Don’t Trust The Calorie Count On The Elliptical Machine

Don’t Trust The Calorie Count On The Elliptical Machine

If you choose your cardio exercise based on what burns the most calories, you may have noticed that the winner seems to be the elliptical machine. (That’s the one where your legs go in a running motion, but they stay in contact with the machine the whole time.)

Unfortunately, machines’ calorie readouts are notoriously inaccurate, ellipticals included.

After all, the machine doesn’t know very much about you — often just your weight and your heart rate. It makes some guesses based on that data, plus the motion of the machine. The heavier you are, the more calories you’ll burn. The faster you go, the more calories you’ll burn.

A study published last year compared the calorie burn on a Precor elliptical with participants’ actual calorie burn measured with lab equipment. The researchers had participants hit the “quick start” button, which makes the machine start counting calories as if you are a 68kg, 35 years old, and male.

The result: after a 30-minute workout, the number on the elliptical was 128 calories higher than the more accurate lab measurement. If you were relying on that number to calculate your calorie deficit for the day (say, if you were trying to burn 500 calories more than you ate), you’d be way off.

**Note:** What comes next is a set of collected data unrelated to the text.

(* Let $G$ be a multitriangulation of the projective plane. Then $G$ has a vertex of degree $2$, $3$, $4$ or $6$, or two adjacent vertices of degree $5$.
   Context: A multitriangulation of a surface is a loopless multigraph 2-cell embedded on the surface such that every facial closed walk has length 3. *)

theory Defs
  imports Main
begin

text \<open>Surface embeddings of multigraphs are encoded combinatorially by
generalized (flag) maps: a finite set D of flags with three fixed-point-free
involutions a0 (change vertex), a1 (change edge), a2 (change face), where
a0 and a2 commute and a0 a2 is fixed-point-free.
Every 2-cell embedding of a connected multigraph in a closed surface arises
this way (and conversely).\<close>

inductive_set orb :: "('a \<Rightarrow> 'a) set \<Rightarrow> 'a \<Rightarrow> 'a set" for fs x where
  base: "x \<in> orb fs x"
| step: "y \<in> orb fs x \<Longrightarrow> f \<in> fs \<Longrightarrow> f y \<in> orb fs x"

definition fp_free_inv :: "'a set \<Rightarrow> ('a \<Rightarrow> 'a) \<Rightarrow> bool" where
  "fp_free_inv D f \<longleftrightarrow> (\<forall>x\<in>D. f x \<in> D \<and> f x \<noteq> x \<and> f (f x) = x)"

definition gmap :: "'a set \<Rightarrow> ('a \<Rightarrow> 'a) \<Rightarrow> ('a \<Rightarrow> 'a) \<Rightarrow> ('a \<Rightarrow> 'a) \<Rightarrow> bool" where
  "gmap D a0 a1 a2 \<longleftrightarrow> finite D \<and> D \<noteq> {} \<and>
     fp_free_inv D a0 \<and> fp_free_inv D a1 \<and> fp_free_inv D a2 \<and>
     (\<forall>x\<in>D. a0 (a2 x) = a2 (a0 x) \<and> a0 (a2 x) \<noteq> x)"

definition gmap_connected :: "'a set \<Rightarrow> ('a \<Rightarrow> 'a) \<Rightarrow> ('a \<Rightarrow> 'a) \<Rightarrow> ('a \<Rightarrow> 'a) \<Rightarrow> bool" where
  "gmap_connected D a0 a1 a2 \<longleftrightarrow> (\<forall>x\<in>D. orb {a0, a1, a2} x = D)"

definition map_vertex :: "('a \<Rightarrow> 'a) \<Rightarrow> ('a \<Rightarrow> 'a) \<Rightarrow> 'a \<Rightarrow> 'a set" where
  "map_vertex a1 a2 x = orb {a1, a2} x"

definition map_edge :: "('a \<Rightarrow> 'a) \<Rightarrow> ('a \<Rightarrow> 'a) \<Rightarrow> 'a \<Rightarrow> 'a set" where
  "map_edge a0 a2 x = orb {a0, a2} x"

The truth is, though, that you shouldn’t be paying too much attention to the precise number of calories you burn with exercise. Unless a scientist is following you around with a computer and an oxygen mask all day, you’re only getting a very rough estimate of what that number might be.

Gym machines typically overestimate your calorie burn because, hey, big numbers make customers happy. So if you get different numbers from your elliptical and your Fitbit, go with the lower number. But the actual winning move might be to not count activity calories at all.